There are many reasons to express doubts about the move by Arcelor, the Luxembourg-based steel group, to buy Severstal of Russia in order to sidestep the hostile bid by Mittal Steel. One is the way the Arcelor board is presenting the takeover as a done deal, which only an absolute majority of all shareholders will be able to reject. A second is the opportunity for yet another oligarch’s fortune to leave Russia, with Alexei Mordashov picking up nearly one-third of Arcelor in return for his 90 percent of Severstal.

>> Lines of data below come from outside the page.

lemma piA_Node_cong:
  assumes "set ts \<subseteq> trees Sig rk" "set ts' \<subseteq> trees Sig rk" "map \<pi> ts = map \<pi> ts'"
  shows "\<pi> (Node f ts) = \<pi> (Node f ts')"
proof
  fix x :: "'q \<times> 'b"
  obtain q b where x: "x = (q, b)"
    by (cases x)
  have fibres: "list_all2 (\<lambda>A B. finite A \<and> finite B \<and>
      (\<forall>y. J (card {a\<in>A. root_weight \<delta> a = y}) = J (card {b\<in>B. root_weight \<delta> b = y})))
      (child_runs Q ts) (child_runs Q ts')"
    unfolding child_runs_def list_all2_map1 list_all2_map2 card_root_weight_fibre
  proof (rule list_all2_all_nthI)
    show len: "length ts = length ts'"
      using assms(3) by (rule map_eq_imp_length_eq)
    fix i assume i: "i < length ts"
    have trees: "ts ! i \<in> trees Sig rk" "ts' ! i \<in> trees Sig rk"
      using assms(1,2) i len by (simp_all add: subset_iff)
    have "\<pi> (ts ! i) = \<pi> (ts' ! i)"
      using assms(3) i len nth_map by metis
    then show "finite (Pair (ts ! i) ` runs Q (ts ! i)) \<and> finite (Pair (ts' ! i) ` runs Q (ts' ! i)) \<and>
        (\<forall>y. J (pcount Q \<delta> (ts ! i) y) = J (pcount Q \<delta> (ts' ! i) y))"
      using finite_runs[OF finite_states] JA_pcount_eq[OF trees] by (auto intro: finite_imageI)
  qed
  have "J (card {rs \<in> listset (child_runs Q ts). node_weight \<delta> f q (map (root_weight \<delta>) rs) = b})
      = J (card {rs \<in> listset (child_runs Q ts'). node_weight \<delta> f q (map (root_weight \<delta>) rs) = b})"
    using card_listset_filter_map_cong[where J = J and g = "root_weight \<delta>"
        and P = "\<lambda>ys. node_weight \<delta> f q ys = b", OF JA_add_cong JA_mult_cong fibres] .
  then show "\<pi> (Node f ts) x = \<pi> (Node f ts') x"
    unfolding piA_def x by (simp add: pcount_Node)
qed

lemma deltaR_map_piA:
  assumes "set ts \<subseteq> trees Sig rk"
  shows "deltaR Sig rk Q \<delta> F (map \<pi> ts) f p = (if p = \<pi> (Node f ts) then 1 else 0)"
proof -
  define ts' where "ts' = map (\<lambda>p'. SOME \<xi>. \<xi> \<in> trees Sig rk \<and> \<pi> \<xi> = p') (map \<pi> ts)"
  have "ts' ! i \<in> trees Sig rk \<and> \<pi> (ts' ! i) = \<pi> (ts ! i)" if "i < length ts" for i
  proof -
    have "ts' ! i = (SOME \<xi>. \<xi> \<in> trees Sig rk \<and> \<pi> \<xi> = \<pi> (ts ! i))"
      unfolding ts'_def using that by simp
    moreover have "ts ! i \<in> trees Sig rk"
      using that assms by auto
    ultimately show ?thesis
      by (metis (mono_tags, lifting) someI)
  qed
  then have "set ts' \<subseteq> trees Sig rk" "map \<pi> ts' = map \<pi> ts"
    by (auto simp: ts'_def in_set_conv_nth intro: nth_equalityI)
  then have "\<pi> (Node f ts') = \<pi> (Node f ts)"
    using assms by (intro piA_Node_cong)
  then show ?thesis
    unfolding deltaR_def ts'_def[symmetric] by simp
qed

lemma wt_deltaR:
  "wf_tree Sig rk \<xi> \<Longrightarrow>
     wt (deltaR Sig rk Q \<delta> F) \<rho> \<xi> = (if \<forall>w\<in>pos \<xi>. \<rho> w = \<pi> (subtree \<xi> w) then 1 else 0)"
proof (induction \<xi> arbitrary: \<rho>)
  case (Node f ts)
  define good where "good i \<longleftrightarrow> (\<forall>w\<in>pos (ts ! i). \<rho> (i # w) = \<pi> (subtree (ts ! i) w))" for i
  have children: "wt (deltaR Sig rk Q \<delta> F) (\<lambda>w. \<rho> (i # w)) (ts ! i) = (if good i then 1 else 0)"
    if "i < length ts" for i
    unfolding good_def using Node that by simp
  have run_iff: "(\<forall>w\<in>pos (Node f ts). \<rho> w = \<pi> (subtree (Node f ts) w)) \<longleftrightarrow>
      \<rho> [] = \<pi> (Node f ts) \<and> (\<forall>i<length ts. good i)"
    unfolding ball_pos_Node good_def by simp
  show ?case
  proof (cases "\<forall>i<length ts. good i")
    case True
    then have "prod_list (map (\<lambda>i. wt (deltaR Sig rk Q \<delta> F) (\<lambda>w. \<rho> (i # w)) (ts ! i)) [0..<length ts]) = 1"
      using children by (intro prod_list_all_one) auto
    moreover have "map (\<lambda>i. \<rho> [i]) [0..<length ts] = map \<pi> ts"
      using True unfolding good_def by (auto intro: nth_equalityI)
    moreover have "set ts \<subseteq> trees Sig rk"
      using Node.prems by (auto simp: trees_def)
    ultimately show ?thesis
      unfolding wt_Node run_iff using True by (simp add: deltaR_map_piA)
  next
    case False
    then obtain j where j: "j < length ts" "\<not> good j"
      by blast
    then have "0 \<in> set (map (\<lambda>i. wt (deltaR Sig rk Q \<delta> F) (\<lambda>w. \<rho> (i # w)) (ts ! i)) [0..<length ts])"
      using children by (force simp: image_iff)
    then show ?thesis
      unfolding wt_Node run_iff using False by (simp add: prod_list_zero_mem)
  qed
qed

lemma finite_QR: "finite (QR Sig rk Q \<delta> F)"
proof -
  let ?N = "iA Sig rk Q \<delta> F + pA Sig rk Q \<delta> F"
  have "QR Sig rk Q \<delta> F \<subseteq> {g. \<forall>x. (x \<in> Q \<times> H \<longrightarrow> g x \<in> {..<?N}) \<and> (x \<notin> Q \<times> H \<longrightarrow> g x = 0)}"
  proof
    fix g assume "g \<in> QR Sig rk Q \<delta> F"
    then obtain \<xi> where g: "g = \<pi> \<xi>"
      unfolding QR_def by blast
    have "\<pi> \<xi> x < ?N" for x
      unfolding piA_def JA_eq_cyc_reduce using cyc_reduce_less[OF pA_pos] pA_pos by simp
    moreover have "x \<notin> Q \<times> H \<Longrightarrow> \<pi> \<xi> x = 0" for x
      unfolding piA_def by simp
    ultimately show "g \<in> {g. \<forall>x. (x \<in> Q \<times> H \<longrightarrow> g x \<in> {..<?N}) \<and> (x \<notin> Q \<times> H \<longrightarrow> g x = 0)}"
      unfolding g by simp
  qed
  moreover have "finite {g. \<forall>x. (x \<in> Q \<times> H \<longrightarrow> g x \<in> {..<?N}) \<and> (x \<notin> Q \<times> H \<longrightarrow> g x = 0)}"
    using finite_states finite_H by (intro finite_set_of_finite_funs) auto
  ultimately show ?thesis
    by (rule finite_subset)
qed

lemma run_sem_eq_FR:
  assumes "\<xi> \<in> trees Sig rk"
  shows "run_sem Q \<delta> F \<xi> = FR Sig rk Q \<delta> F (\<pi> \<xi>)"
proof -
  let ?g = "\<lambda>\<rho>. (\<rho> [], wt \<delta> \<rho> \<xi>)"
  let ?h = "\<lambda>(q, b). b * F q"
  have "run_sem Q \<delta> F \<xi> = (\<Sum>\<rho>\<in>runs Q \<xi>. ?h (?g \<rho>))"
    unfolding run_sem_def by simp
  also have "\<dots> = (\<Sum>x\<in>Q \<times> H. natmul (pcount Q \<delta> \<xi> x) (?h x))"
    unfolding pcount_eq_card_runs
  proof (rule sum_comp_natmul_card_fibres[where g = ?g and h = ?h])
    show "finite (runs Q \<xi>)" "finite (Q \<times> H)"
      using finite_runs finite_states finite_H by simp_all
    show "?g ` runs Q \<xi> \<subseteq> Q \<times> H"
      using root_state_wt_mem[OF assms] by blast
  qed
  also have "\<dots> = (\<Sum>x\<in>Q \<times> H. natmul (\<pi> \<xi> x) (?h x))"
  proof (rule sum.cong)
    fix x assume "x \<in> Q \<times> H"
    then obtain q b where qb: "x = (q, b)" "q \<in> Q" "b \<in> H"
      by blast
    then have "b * F q \<in> HF Sig rk Q \<delta> F"
      unfolding HF_def by blast
    then show "natmul (pcount Q \<delta> \<xi> x) (?h x) = natmul (\<pi> \<xi> x) (?h x)"
      unfolding piA_def qb using qb by (simp add: natmul_JA)
  qed simp
  also have "\<dots> = FR Sig rk Q \<delta> F (\<pi> \<xi>)"
    unfolding FR_def by (intro sum.cong) auto
  finally show ?thesis .
qed
(* Let $S$ be a regular semigroup with zero $0$, and let $e,f$ be idempotents of $S$. Then $ef=0$ if and only if $M(e,f)=\{0\}$.
   Context: A semigroup is regular if for every $x$ there is $y$ with $xyx=x$. For idempotents $e,f$ of $S$, $M(e,f)=\{g \text{ idempotent in } S: ge=g \text{ and } fg=g\}$. *)

theory Defs
  imports Main
begin

definition is_zero :: "'a::semigroup_mult \<Rightarrow> bool" where
  "is_zero z \<longleftrightarrow> (\<forall>x. z * x = z \<and> x * z = z)"

definition regular_semigroup :: "'a::semigroup_mult itself \<Rightarrow> bool" where
  "regular_semigroup _ \<longleftrightarrow> (\<forall>x::'a. \<exists>y. x * y * x = x)"

definition idem :: "'a::semigroup_mult \<Rightarrow> bool" where
  "idem e \<longleftrightarrow> e * e = e"

definition sandwich_set :: "'a::semigroup_mult \<Rightarrow> 'a \<Rightarrow> 'a set" ("M'(_,_')") where
  "sandwich_set e f = {g. idem g \<and> g * e = g \<and> f * g = g}"

end

theory Submission
  imports Defs
begin

(* Every g in M(e,f) satisfies g = g (ef) g, so ef = 0 forces M(e,f) = {0}.
   Conversely, if y is an inverse of ef (which exists by regularity), then
   f y e lies in M(e,f) and e (f y e) f = ef, so M(e,f) = {0} forces ef = 0. *)

lemma zero_mem_sandwich_set:
  assumes "is_zero z"
  shows "z \<in> sandwich_set e f"
  using assms unfolding sandwich_set_def idem_def is_zero_def by simp

lemma sandwich_set_mem_eq:
  assumes "g \<in> sandwich_set e f"
  shows "g = g * (e * f) * g"
proof -
  have "g * g = g" "g * e = g" "f * g = g"
    using assms unfolding sandwich_set_def idem_def by auto
  then have "g = (g * e) * (f * g)" by simp
  also have "\<dots> = g * (e * f) * g" by (simp add: mult.assoc)
  finally show ?thesis .
qed

lemma inverse_of_inner_inverse:
  fixes x y :: "'a::semigroup_mult"
  assumes "x * y * x = x"
  shows "x * (y * x * y) * x = x" and "y * x * y * x * (y * x * y) = y * x * y"
  using assms by (metis mult.assoc)+

lemma sandwich_set_mem_of_inverse:
  assumes "idem e" and "idem f" and "y * (e * f) * y = y"
  shows "f * y * e \<in> sandwich_set e f"
proof -
  have "f * y * e * (f * y * e) = f * (y * (e * f) * y) * e"
    by (simp add: mult.assoc)
  moreover have "f * y * e * e = f * y * (e * e)" "f * (f * y * e) = f * f * y * e"
    by (simp_all add: mult.assoc)
  ultimately show ?thesis
    using assms unfolding sandwich_set_def idem_def by simp
qed

theorem lemma2p2:
  fixes z e f :: "'a::semigroup_mult"
  assumes "regular_semigroup TYPE('a)"
    and "is_zero z"
    and "idem e" and "idem f"
  shows "e * f = z \<longleftrightarrow> sandwich_set e f = {z}"
proof
  assume "e * f = z"
  then have "g = z" if "g \<in> sandwich_set e f" for g
    using sandwich_set_mem_eq [OF that] \<open>is_zero z\<close> unfolding is_zero_def by simp
  then show "sandwich_set e f = {z}"
    using zero_mem_sandwich_set [OF \<open>is_zero z\<close>] by blast
next
  assume M: "sandwich_set e f = {z}"
  obtain y where "e * f * y * (e * f) = e * f"
    using assms(1) unfolding regular_semigroup_def by blast
  then obtain y' where inv: "e * f * y' * (e * f) = e * f" "y' * (e * f) * y' = y'"
    using inverse_of_inner_inverse by blast
  have "f * y' * e = z"
    using sandwich_set_mem_of_inverse [OF assms(3,4) inv(2)] M by blast
  have "e * f = e * f * y' * (e * f)" using inv(1) by simp
  also have "\<dots> = e * (f * y' * e) * f"
    by (simp add: mult.assoc)
  also have "\<dots> = z"
    using \<open>f * y' * e = z\<close> \<open>is_zero z\<close> unfolding is_zero_def by simp
  finally show "e * f = z" .
qed

end
(* Let $A$ be a commutative ring and let $(a,b)$ be a unimodular row. The following are equivalent: (1) There exist $a_0,\ldots,a_n\in A$ such that $[a,b]=\infty\cdot S(a_n)S(a_{n-1})\cdots S(a_0)$. (2) There exist $a_0,\ldots,a_n,r_0,\ldots,r_{n-1}\in A$ such that, setting $r_{-2}:=a$, $r_{-1}:=b$, $r_n:=0$, one has $r_{k-2}=a_kr_{k-1}+r_k$ for $0\le k\le n$.
   Context: A unimodular row over $A$ is $(a,b)\in A^2$ with $aA+bA=A$; $[a,b]$ denotes its class modulo multiplication by units of $A$. $\mathrm{GL}_2(A)$ acts on these classes on the right by $[u]\cdot M=[uM]$; $\infty=[1,0]$. $S(a)=\begin{pmatrix}a&1\\1&0\end{pmatrix}$. *)

theory Defs
  imports "HOL-Analysis.Analysis"
begin

text \<open>Rows over a commutative ring are vectors of type 'a^2; 2x2 matrices are 'a^2^2
  (entry M$i$j = row i, column j).\<close>

definition row2 :: "'a::zero \<Rightarrow> 'a \<Rightarrow> 'a^2" where
  "row2 x y = vector [x, y]"

definition unimodular_row :: "'a::comm_ring_1 \<Rightarrow> 'a \<Rightarrow> bool" where
  "unimodular_row a b \<longleftrightarrow> (\<exists>x y. a * x + b * y = 1)"

definition same_class :: "'a::comm_ring_1 ^ 2 \<Rightarrow> 'a ^ 2 \<Rightarrow> bool" where
  "same_class u v \<longleftrightarrow> (\<exists>c. c dvd 1 \<and> u = c *s v)"

definition Smat :: "'a::comm_ring_1 \<Rightarrow> 'a^2^2" where
  "Smat a = vector [vector [a, 1], vector [1, 0]]"

fun Sprod :: "(nat \<Rightarrow> 'a::comm_ring_1) \<Rightarrow> nat \<Rightarrow> 'a^2^2" where
  "Sprod f 0 = Smat (f 0)"
| "Sprod f (Suc n) = Smat (f (Suc n)) ** Sprod f n"

text \<open>infinity = [1,0]; the right action [u]\<cdot>M = [u M].\<close>
definition infty_row :: "'a::comm_ring_1 ^ 2" where
  "infty_row = row2 1 0"

end

theory Submission
  imports Defs
begin

text \<open>Since row2 x y v* S(c) = row2 (x c + y) x, multiplying by S(a_k) undoes one division
  step r_{k-2} = a_k r_{k-1} + r_k. Hence [a,b] = [c,0] S(a_n) ... S(a_0) says precisely
  that a division chain starting from a, b ends in the pair c, 0; and c must be a unit, since
  it divides both a and b.\<close>

definition remainder_seq :: "(nat \<Rightarrow> 'a::comm_ring_1) \<Rightarrow> nat \<Rightarrow> (int \<Rightarrow> 'a) \<Rightarrow> bool" where
  "remainder_seq q n r \<longleftrightarrow> (\<forall>k\<le>n. r (int k - 2) = q k * r (int k - 1) + r (int k))"

lemma row2_eq_iff: "row2 x y = row2 x' y' \<longleftrightarrow> x = x' \<and> y = (y' :: 'a::zero)"
  by (metis row2_def vector_2)

lemma row2_nth [simp]: "row2 x y $ 1 = x" "row2 x y $ 2 = (y::'a::zero)"
  by (simp_all add: row2_def)

lemma row2_vmult_Smat: "row2 x y v* Smat c = row2 (x * c + y) (x::'a::comm_ring_1)"
  by (simp add: vec_eq_iff forall_2 vector_matrix_mult_def sum_2 Smat_def)

lemma row2_zero_vmult: "row2 c 0 v* M = c *s (infty_row v* (M::'a::comm_ring_1^2^2))"
  by (simp add: vec_eq_iff forall_2 vector_matrix_mult_def sum_2 infty_row_def)

lemma remainder_seq_Suc:
  "remainder_seq q (Suc n) r \<longleftrightarrow>
     remainder_seq q n r \<and> r (int n - 1) = q (Suc n) * r (int n) + r (int n + 1)"
  by (auto simp: remainder_seq_def le_Suc_eq algebra_simps)

lemma remainder_seq_cong:
  "(\<And>j. j \<le> int n \<Longrightarrow> r j = r' j) \<Longrightarrow> remainder_seq q n r \<longleftrightarrow> remainder_seq q n r'"
  by (simp add: remainder_seq_def)

lemma remainder_seq_vmult_Sprod:
  assumes "remainder_seq q n r"
  shows "row2 (r (int n - 1)) (r (int n)) v* Sprod q n = row2 (r (-2)) (r (-1))"
  using assms
proof (induction n)
  case 0
  then show ?case by (simp add: remainder_seq_def row2_vmult_Smat mult.commute)
next
  case (Suc n)
  then have "row2 (r (int n)) (r (int n + 1)) v* Smat (q (Suc n)) = row2 (r (int n - 1)) (r (int n))"
    by (simp add: remainder_seq_Suc row2_vmult_Smat mult.commute)
  then show ?case
    using Suc by (simp add: remainder_seq_Suc vector_matrix_mul_assoc [symmetric] add.commute)
qed

lemma remainder_seq_exists:
  "\<exists>r. r (int n - 1) = x \<and> r (int n) = y \<and> remainder_seq q n r"
proof (induction n arbitrary: x y)
  case 0
  show ?case
    by (rule exI [of _ "\<lambda>j. if j = 0 then y else if j = -1 then x else q 0 * x + y"])
       (simp add: remainder_seq_def)
next
  case (Suc n)
  obtain r where r: "r (int n - 1) = q (Suc n) * x + y" "r (int n) = x" "remainder_seq q n r"
    using Suc.IH by blast
  have "remainder_seq q n (r(int n + 1 := y))"
    using r(3) remainder_seq_cong [of n r "r(int n + 1 := y)"] by simp
  then have "remainder_seq q (Suc n) (r(int n + 1 := y))"
    using r by (simp add: remainder_seq_Suc)
  moreover have "(r(int n + 1 := y)) (int (Suc n) - 1) = x" "(r(int n + 1 := y)) (int (Suc n)) = y"
    using r by simp_all
  ultimately show ?case by blast
qed

lemma row2_eq_vmult_Sprod_iff:
  "row2 a b = row2 x y v* Sprod q n \<longleftrightarrow>
     (\<exists>r. r (-2) = a \<and> r (-1) = b \<and> r (int n - 1) = x \<and> r (int n) = y \<and> remainder_seq q n r)"
  by (metis remainder_seq_exists remainder_seq_vmult_Sprod row2_eq_iff)

lemma unimodular_row_common_divisor_unit:
  assumes "unimodular_row a b" "c dvd a" "c dvd b"
  shows "c dvd 1"
  using assms unfolding unimodular_row_def by (metis dvd_add dvd_mult2)

lemma same_class_infty_vmult_iff:
  assumes "unimodular_row a b"
  shows "same_class (row2 a b) (infty_row v* M) \<longleftrightarrow> (\<exists>c. row2 a b = row2 c 0 v* M)"
proof
  assume "\<exists>c. row2 a b = row2 c 0 v* M"
  then obtain c where c: "row2 a b = c *s (infty_row v* M)"
    by (auto simp: row2_zero_vmult)
  then have "c dvd a" "c dvd b"
    by (metis dvd_triv_left row2_nth vector_smult_component)+
  with assms c show "same_class (row2 a b) (infty_row v* M)"
    unfolding same_class_def by (blast intro: unimodular_row_common_divisor_unit)
qed (auto simp: same_class_def row2_zero_vmult)

theorem lemma3p6:
  fixes a b :: "'a::comm_ring_1"
  assumes "unimodular_row a b"
  shows "(\<exists>n::nat. \<exists>as::nat \<Rightarrow> 'a. same_class (row2 a b) (infty_row v* Sprod as n))
     \<longleftrightarrow> (\<exists>n::nat. \<exists>as::nat \<Rightarrow> 'a. \<exists>r::int \<Rightarrow> 'a.
            r (-2) = a \<and> r (-1) = b \<and> r (int n) = 0 \<and>
            (\<forall>k\<le>n. r (int k - 2) = as k * r (int k - 1) + r (int k)))"
  unfolding same_class_infty_vmult_iff [OF assms] row2_eq_vmult_Sprod_iff
    remainder_seq_def [symmetric]
  by blast

end
lemma measure_le_sum_Ico_cover:
  fixes a b :: "'i \<Rightarrow> real"
  assumes "finite K" "A \<in> sets lebesgue" "A \<subseteq> (\<Union>k\<in>K. {a k..<b k}) \<union> {c}"
    and "\<And>k. k \<in> K \<Longrightarrow> a k \<le> b k"
  shows "measure lebesgue A \<le> (\<Sum>k\<in>K. b k - a k)"
proof -
  have "measure lebesgue A = measure lebesgue (A - {c})"
    using assms(2) by (simp add: measure_Diff_null_set)
  also have "\<dots> \<le> measure lebesgue (\<Union>k\<in>K. {a k..<b k})"
    using assms(1-3) by (intro measure_mono_fmeasurable) (auto intro!: fmeasurable.finite_UN)
  also have "\<dots> \<le> (\<Sum>k\<in>K. measure lebesgue {a k..<b k})"
    using assms(1) by (intro measure_UNION_le) auto
  also have "\<dots> = (\<Sum>k\<in>K. b k - a k)"
    using assms(4) by (intro sum.cong) auto
  finally show ?thesis .
qed

lemma measure_Int_interval_split:
  fixes S :: "real set"
  assumes "S \<in> sets lebesgue" "a \<le> b" "b \<le> c"
  shows "measure lebesgue (S \<inter> {a..c}) = measure lebesgue (S \<inter> {a..b}) + measure lebesgue (S \<inter> {b..c})"
proof -
  have "S \<inter> {a..c} = (S \<inter> {a..b}) \<union> (S \<inter> {b..c})" using assms by auto
  moreover have "AE x in lebesgue. x \<notin> S \<inter> {a..b} \<or> x \<notin> S \<inter> {b..c}"
    by (rule AE_I'[of "{b}"]) auto
  then have "measure lebesgue ((S \<inter> {a..b}) \<union> (S \<inter> {b..c}))
      = measure lebesgue (S \<inter> {a..b}) + measure lebesgue (S \<inter> {b..c})"
    using assms(1) by (intro measure_Un_AE) auto
  ultimately show ?thesis by simp
qed

lemma measure_Int_interval_le_earlier_start:
  fixes S :: "real set"
  assumes "S \<in> sets lebesgue" "a \<le> s" "{a..<s} \<subseteq> S" "0 \<le> t"
  shows "measure lebesgue (S \<inter> {s..s+t}) \<le> measure lebesgue (S \<inter> {a..a+t})"
proof (cases "s \<le> a + t")
  case True
  have "measure lebesgue {a..<s} \<le> measure lebesgue (S \<inter> {a..s})"
    using assms by (intro measure_mono_fmeasurable) auto
  then have "s - a \<le> measure lebesgue (S \<inter> {a..s})"
    using assms(2) by simp
  then have "measure lebesgue (S \<inter> {s..a+t}) + (s - a) \<le> measure lebesgue (S \<inter> {a..a+t})"
    using measure_Int_interval_split[OF assms(1) assms(2) True] by simp
  moreover have "measure lebesgue (S \<inter> {a+t..s+t}) \<le> s - a"
    using assms(1,2) measure_mono_fmeasurable[of "S \<inter> {a+t..s+t}" "{a+t..s+t}" lebesgue] by simp
  ultimately show ?thesis
    using measure_Int_interval_split[OF assms(1) True, of "s+t"] assms(2) by simp
next
  case False
  then have "S \<inter> {a..a+t} = {a..a+t}" using assms(3) by auto
  moreover have "measure lebesgue (S \<inter> {s..s+t}) \<le> t"
    using assms measure_mono_fmeasurable[of "S \<inter> {s..s+t}" "{s..s+t}" lebesgue] by simp
  ultimately show ?thesis using assms(4) by simp
qed

lemma measure_Int_interval_le_later_start:
  fixes S :: "real set"
  assumes "S \<in> sets lebesgue" "s \<le> b" "S \<inter> {s..<b} = {}"
  shows "measure lebesgue (S \<inter> {s..s+t}) \<le> measure lebesgue (S \<inter> {b..b+t})"
  using assms by (intro measure_mono_fmeasurable) auto
lemma des_insert_max:
  assumes p: "\<sigma> permutes {1..n}" and j: "j \<le> n" and n: "1 \<le> n"
  shows "des (Suc n) (insert_max n \<sigma> j) =
           (if j = n \<or> (1 \<le> j \<and> \<sigma> (Suc j) < \<sigma> j) then des n \<sigma> else Suc (des n \<sigma>))"
proof (cases "j = n")
  case True
  have "{i \<in> {1..n}. insert_max n \<sigma> j (Suc i) < insert_max n \<sigma> j i}
      = {i \<in> {1..n - 1}. \<sigma> (Suc i) < \<sigma> i}"
  proof (intro set_eqI)
    fix i
    show "i \<in> {i \<in> {1..n}. insert_max n \<sigma> j (Suc i) < insert_max n \<sigma> j i}
      \<longleftrightarrow> i \<in> {i \<in> {1..n - 1}. \<sigma> (Suc i) < \<sigma> i}"
      using True permutes_atLeastAtMost_range[OF p, of i] by (cases "i = n") auto
  qed
  then show ?thesis
    using True by (simp add: des_eq_card)
next
  case False
  define N where "N = n - 1"
  have N: "Suc N = n" "j \<le> N" using n j False by (auto simp: N_def)
  let ?P = "\<lambda>i. \<sigma> (Suc i) < \<sigma> i"
  let ?Q = "\<lambda>i. insert_max n \<sigma> j (Suc i) < insert_max n \<sigma> j i"
  have "card {i \<in> {1..Suc N}. ?Q i}
           + (if 1 \<le> j \<and> ?P j then 1 else 0) + (if Suc j \<le> N \<and> ?P (Suc j) then 1 else 0)
       = card {i \<in> {1..N}. ?P i}
           + (if 1 \<le> j \<and> ?Q j then 1 else 0) + (if ?Q (Suc j) then 1 else 0)
           + (if Suc (Suc j) \<le> Suc N \<and> ?Q (Suc (Suc j)) then 1 else 0)"
  proof (rule card_insertion_shift[OF N(2)])
    fix i assume "1 \<le> i" "i < j"
    then show "?Q i = ?P i" by simp
  next
    fix i assume "Suc (Suc j) < i" "i \<le> Suc N"
    then show "?Q i = ?P (i - 1)" using N by simp
  qed
  moreover have "1 \<le> j \<Longrightarrow> \<not> ?Q j"
    using permutes_atLeastAtMost_range[OF p, of j] j by simp
  moreover have "?Q (Suc j)"
    using permutes_atLeastAtMost_range[OF p, of "Suc j"] N by simp
  moreover have "Suc (Suc j) \<le> Suc N \<Longrightarrow> ?Q (Suc (Suc j)) = ?P (Suc j)"
    using N by simp
  ultimately show ?thesis
    using N False by (simp add: des_eq_card N_def split: if_splits)
qed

But the reason to welcome this deal, which will have been cleared in advance with the Kremlin, is that Vladimir Putin, the president, is evidently showing none of the neurosis about one of his country’s top two steelmakers coming under foreign control that he displays about foreign ownership in Russia’s energy sector. If only his evidently relaxed view on Severstal could become the template for a more general Russian openness to foreign investment. But only last week, at his summit with the European Union, Putin was touchily describing the energy sector as “the holy of holies of our economy” and demanding reciprocity for any EU investment in it.

This touchiness was underlined last week by a report from the Academy of Natural Science that got some support from Moscow’s natural resources ministry. This called for Russia to renegotiate its production-sharing agreements with foreign oil companies to give Russian companies more of a role in the two offshore projects at Sakhalin and one in northern Russia. In fact, the ministry’s support for renegotiation was then firmly overruled by the senior energy minister, Viktor Khristenko, who said Russia would stick to the PSA terms. Nonetheless, these deals are causing growing Russian frustration. As their name suggests, PSAs allow foreign companies to sidestep the regular tax system and to pay the government out of shared oil or gas production, but only after the companies have recovered all their development costs. Therefore, in the case of Sakhalin 2, where Shell has incurred enormous cost overruns, Moscow is understandably concerned at seeing the prospect of payment receding into the future.

Yet the price of contract sanctity is something the Russian government can pay, because with only three PSAs ever granted the problem is essentially limited. It is also something it must pay in order to avoid further damage to a contractual reputation badly dented by its savage victimization and break-up of the Yukos oil group of Mikhail Khodorkovsky, now in a Siberian jail.

A big chunk of Yukos was snapped up by state-owned Rosneft. The government intends to sell Rosneft shares on western exchanges this summer, but some western investors have called for a boycott of what is seen as the resale of stolen property. In these circumstances, Moscow cannot afford not to honour the PSAs.